I own shares in Barratt Developments (LSE: BDEV). I was tempted in by the colossal dividend yields and, as you can imagine, my love of the stock went up a notch following the release of this week’s full-year financials.

Britain’s biggest residential property builder announced that it has enjoyed a “strong start to the year supported by a positive market backdrop.” While the company’s sales rate remained flat year-on-year between July 1 and November 12, at 0.74, the total forward sales jumped 8.4% to £2.88bn.

Barratt has launched a further 79 new developments since the start of the fiscal year, it said, up from 69 in the corresponding 2016 period, from 373 outlets (up three from a year ago). The company said that it expects average outlet numbers to grow “modestly” in the full year.
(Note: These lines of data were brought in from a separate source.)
lemma pow_mat_Suc_mult_vec_right:
  assumes "M \<in> carrier_mat m m" "x \<in> carrier_vec m"
  shows "M ^\<^sub>m Suc k *\<^sub>v x = M ^\<^sub>m k *\<^sub>v (M *\<^sub>v x)"
  using assms by (simp add: assoc_mult_mat_vec[of _ m m _ m])

lemma pow_mat_Suc_mult_vec:
  assumes "M \<in> carrier_mat m m" "x \<in> carrier_vec m"
  shows "M ^\<^sub>m Suc k *\<^sub>v x = M *\<^sub>v (M ^\<^sub>m k *\<^sub>v x)"
  using assms(2)
proof (induction k arbitrary: x)
  case 0
  then show ?case using assms(1) by simp
next
  case (Suc k)
  have "M ^\<^sub>m Suc (Suc k) *\<^sub>v x = M ^\<^sub>m Suc k *\<^sub>v (M *\<^sub>v x)"
    using assms(1) Suc.prems by (rule pow_mat_Suc_mult_vec_right)
  also have "\<dots> = M *\<^sub>v (M ^\<^sub>m k *\<^sub>v (M *\<^sub>v x))"
    using assms(1) Suc by simp
  also have "M ^\<^sub>m k *\<^sub>v (M *\<^sub>v x) = M ^\<^sub>m Suc k *\<^sub>v x"
    using assms(1) Suc.prems by (rule pow_mat_Suc_mult_vec_right[symmetric])
  finally show ?case .
qed

lemma pow_mat_mult_vec_intertwine:
  assumes B: "B \<in> carrier_mat m m" and C: "C \<in> carrier_mat n n"
    and D_carrier: "\<And>z. z \<in> carrier_vec m \<Longrightarrow> D z \<in> carrier_vec n"
    and D_comm: "\<And>z. z \<in> carrier_vec m \<Longrightarrow> D (B *\<^sub>v z) = C *\<^sub>v D z"
    and z: "z \<in> carrier_vec m"
  shows "D (B ^\<^sub>m k *\<^sub>v z) = C ^\<^sub>m k *\<^sub>v D z"
proof (induction k)
  case 0
  show ?case using B C D_carrier[OF z] z by simp
next
  case (Suc k)
  have "D (B ^\<^sub>m Suc k *\<^sub>v z) = C *\<^sub>v D (B ^\<^sub>m k *\<^sub>v z)"
    unfolding pow_mat_Suc_mult_vec[OF B z]
    by (rule D_comm[OF mult_mat_vec_carrier[OF pow_carrier_mat[OF B] z]])
  also have "\<dots> = C ^\<^sub>m Suc k *\<^sub>v D z"
    using Suc.IH by (simp only: pow_mat_Suc_mult_vec[OF C D_carrier[OF z]])
  finally show ?case .
qed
Toasting the results chief executive David Thomas said: “We have started the financial year strongly with a good sales rate, driven by customer demand for new homes, and supported by an attractive lending environment.”

Watch the yield

Things continue to look good for the likes of Barratt as a lack of available existing housing drives demand for newbuild properties, which is being kept afloat by historically low interest rates and the government’s Help To Buy purchasing incentive.

And with ministers showing little real appetite to get to grips with the country’s embarrassingly-low housing stock, I expect Barratt to continue benefitting from the industry’s supply crunch long into the future.
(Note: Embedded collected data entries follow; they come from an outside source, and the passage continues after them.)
lemma sum_swap_deltas:
  assumes i: "i < n" and y: "y \<in> S" and y': "y' \<in> S" and z: "z \<in> S"
  shows "(\<Sum>x'\<in>S. \<Sum>z'\<in>S.
        R y x * R y' x' * ((A x (z(i := z' i)) * (if x' = z'(i := z i) then 1 else 0)) *
          (A z (y(i := y' i)) * (if z' = y'(i := y i) then 1 else 0))))
    = R y x * R y' (y'(i := z i)) * (A x (z(i := y i)) * A z (y(i := y' i)))"
  (is "(\<Sum>x'\<in>S. \<Sum>z'\<in>S. ?T x' z') = ?V")
proof -
  have summand: "?T x' z' = (if z' = y'(i := y i) then (if x' = y'(i := z i) then ?V else 0) else 0)"
    for x' z'
    by auto
  have "y'(i := y i) \<in> S" "y'(i := z i) \<in> S"
    using basis_upd[OF y' i] basis_lt[OF y i] basis_lt[OF z i] by auto
  then show ?thesis
    unfolding summand by (simp add: sum.delta' cong: if_cong)
qed

lemma expect2_swap_sandwich_reduce:
  assumes i: "i < n"
  shows "expect2 n d (tensor R R)
      (mmul2 n d (mmul2 n d (mmul2 n d (ext_id A) (swap_op i)) (ext_id A)) (swap_op i))
    = (\<Sum>y\<in>S. \<Sum>x\<in>S. \<Sum>z\<in>S. R y x * A x (z(i := y i)) * (\<Sum>c<d i. \<rho> i c (z i) * A z (y(i := c))))"
proof -
  let ?V = "\<lambda>y y' x z. R y x * R y' (y'(i := z i)) * (A x (z(i := y i)) * A z (y(i := y' i)))"
  have "expect2 n d (tensor R R)
      (mmul2 n d (mmul2 n d (mmul2 n d (ext_id A) (swap_op i)) (ext_id A)) (swap_op i))
     = (\<Sum>y\<in>S. \<Sum>y'\<in>S. \<Sum>x\<in>S. \<Sum>z\<in>S. ?V y y' x z)"
    unfolding expect2_swap_sandwich_expand[OF i]
  proof (rule sum.cong[OF refl], rule sum.cong[OF refl], rule sum.cong[OF refl])
    fix y y' x assume "y \<in> S" "y' \<in> S"
    then show "(\<Sum>x'\<in>S. \<Sum>z\<in>S. \<Sum>z'\<in>S.
        R y x * R y' x' * ((A x (z(i := z' i)) * (if x' = z'(i := z i) then 1 else 0)) *
          (A z (y(i := y' i)) * (if z' = y'(i := y i) then 1 else 0)))) = (\<Sum>z\<in>S. ?V y y' x z)"
      by (subst sum.swap) (intro sum.cong refl sum_swap_deltas[OF i])
  qed
  also have "\<dots> = (\<Sum>y\<in>S. \<Sum>x\<in>S. \<Sum>y'\<in>S. \<Sum>z\<in>S. ?V y y' x z)"
    by (rule sum.cong[OF refl], rule sum.swap)
  also have "\<dots> = (\<Sum>y\<in>S. \<Sum>x\<in>S. \<Sum>z\<in>S. \<Sum>y'\<in>S. ?V y y' x z)"
    by (rule sum.cong[OF refl], rule sum.cong[OF refl], rule sum.swap)
  also have "\<dots> = (\<Sum>y\<in>S. \<Sum>x\<in>S. \<Sum>z\<in>S.
      R y x * A x (z(i := y i)) * (\<Sum>c<d i. \<rho> i c (z i) * A z (y(i := c))))"
  proof (intro sum.cong refl)
    fix y x z assume "z \<in> S"
    have "(\<Sum>y'\<in>S. ?V y y' x z)
        = R y x * A x (z(i := y i)) * (\<Sum>y'\<in>S. R y' (y'(i := z i)) * A z (y(i := y' i)))"
      by (simp add: sum_distrib_left mult_ac)
    also have "(\<Sum>y'\<in>S. R y' (y'(i := z i)) * A z (y(i := y' i)))
        = (\<Sum>c<d i. \<rho> i c (z i) * A z (y(i := c)))"
      using \<open>z \<in> S\<close> by (intro sum_R_upd_diag[OF i basis_lt[OF _ i]])
    finally show "(\<Sum>y'\<in>S. ?V y y' x z)
        = R y x * A x (z(i := y i)) * (\<Sum>c<d i. \<rho> i c (z i) * A z (y(i := c)))" .
  qed
  finally show ?thesis .
qed

lemma slice_sum_swap_sandwich:
  assumes i: "i < n"
  shows "(\<Sum>p<d i. \<Sum>q<d i. \<Sum>r<d i. R (y(i:=p)) (x(i:=q)) * A (x(i:=q)) (z(i:=p))
      * (\<Sum>c<d i. \<rho> i c r * A (z(i:=r)) (y(i:=c))))
    = rho_except i y x * ptrace i A x z * ptrace i A z y"
proof -
  have "(\<Sum>p<d i. \<Sum>q<d i. \<Sum>r<d i. R (y(i:=p)) (x(i:=q)) * A (x(i:=q)) (z(i:=p))
      * (\<Sum>c<d i. \<rho> i c r * A (z(i:=r)) (y(i:=c))))
    = rho_except i y x * (\<Sum>p<d i. \<Sum>q<d i. \<rho> i p q * A (x(i:=q)) (z(i:=p)))
      * (\<Sum>r<d i. \<Sum>c<d i. \<rho> i c r * A (z(i:=r)) (y(i:=c)))"
    by (simp add: R_upd[OF i] sum_distrib_left sum_distrib_right mult_ac)
  also have "(\<Sum>r<d i. \<Sum>c<d i. \<rho> i c r * A (z(i:=r)) (y(i:=c))) = ptrace i A z y"
    unfolding ptrace_def by (rule sum.swap)
  finally show ?thesis
    unfolding ptrace_def[of i A x z] .
qed

theorem expect2_swap_sandwich:
  assumes i: "i < n"
  shows "expect2 n d (tensor R R)
      (mmul2 n d (mmul2 n d (mmul2 n d (ext_id A) (swap_op i)) (ext_id A)) (swap_op i))
    = E (\<E> i A \<cdot> \<E> i A)"
  unfolding expect2_swap_sandwich_reduce[OF i] expect_mmul_eq
  by (simp only: sum_basis_slice3[OF i] fun_upd_same fun_upd_upd slice_sum_swap_sandwich[OF i]
      slice_sum_mmul_cond_exp_right[OF i] ptrace_cond_exp[OF i])

end

section \<open>Two-body observables\<close>

lemma sum_pairs_through:
  fixes g :: "nat \<Rightarrow> nat \<Rightarrow> 'a::comm_monoid_add"
  assumes k: "k < n"
    and zero: "\<And>i j. i < n \<Longrightarrow> j < n \<Longrightarrow> i \<noteq> j \<Longrightarrow> k \<noteq> i \<Longrightarrow> k \<noteq> j \<Longrightarrow> g i j = 0"
  shows "(\<Sum>i<n. \<Sum>j\<in>{..<n} - {i}. g i j) = (\<Sum>j\<in>{..<n} - {k}. g k j) + (\<Sum>i\<in>{..<n} - {k}. g i k)"
proof -
  have "(\<Sum>i<n. \<Sum>j\<in>{..<n} - {i}. g i j)
      = (\<Sum>j\<in>{..<n} - {k}. g k j) + (\<Sum>i\<in>{..<n} - {k}. \<Sum>j\<in>{..<n} - {i}. g i j)"
    using k by (simp add: sum.remove[of "{..<n}" k])
  also have "(\<Sum>i\<in>{..<n} - {k}. \<Sum>j\<in>{..<n} - {i}. g i j) = (\<Sum>i\<in>{..<n} - {k}. g i k)"
  proof (intro sum.cong refl)
    fix i assume i: "i \<in> {..<n} - {k}"
    have "(\<Sum>j\<in>{..<n} - {i}. g i j) = g i k + (\<Sum>j\<in>{..<n} - {i} - {k}. g i j)"
      using i k by (subst sum.remove[of _ k]) auto
    also have "(\<Sum>j\<in>{..<n} - {i} - {k}. g i j) = 0"
      using i zero by (intro sum.neutral) auto
    finally show "(\<Sum>j\<in>{..<n} - {i}. g i j) = g i k" by simp
  qed
  finally show ?thesis .
qed

context product_state_space
begin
The FTSE 100 firm forked out a total 41.7p per share dividend in the year to June 2017 (comprising interim, final and special dividends), up from 30.7p a year earlier.

And with earnings expected to rise 5% in fiscal 2018, City brokers are expecting another rise in the shareholder reward, a 43.3p payout currently anticipated. As a consequence Barratt yields a market-mashing 6.9%.

Another ‘fortune-maker’?

But Barratt isn’t the only big yielder I’m tipping to pay big now and in the future. Indeed, the favourable conditions in the car insurance market also convinces me that Hastings Group (LSE: HSTG) should keep on making its shareholders very happy.

The FTSE 250 giant saw gross written premiums boom 25% during January-September, to £714.3m, helped by the steady rise in policy costs seen across the industry. But this is only part of the story as Hastings continues to grab revenues from its competitors — the number  of live policies on its books grew 14% in the nine months, to 2.6m, a result that saw its share of the market rise to 7.2% from 6.4% a year earlier.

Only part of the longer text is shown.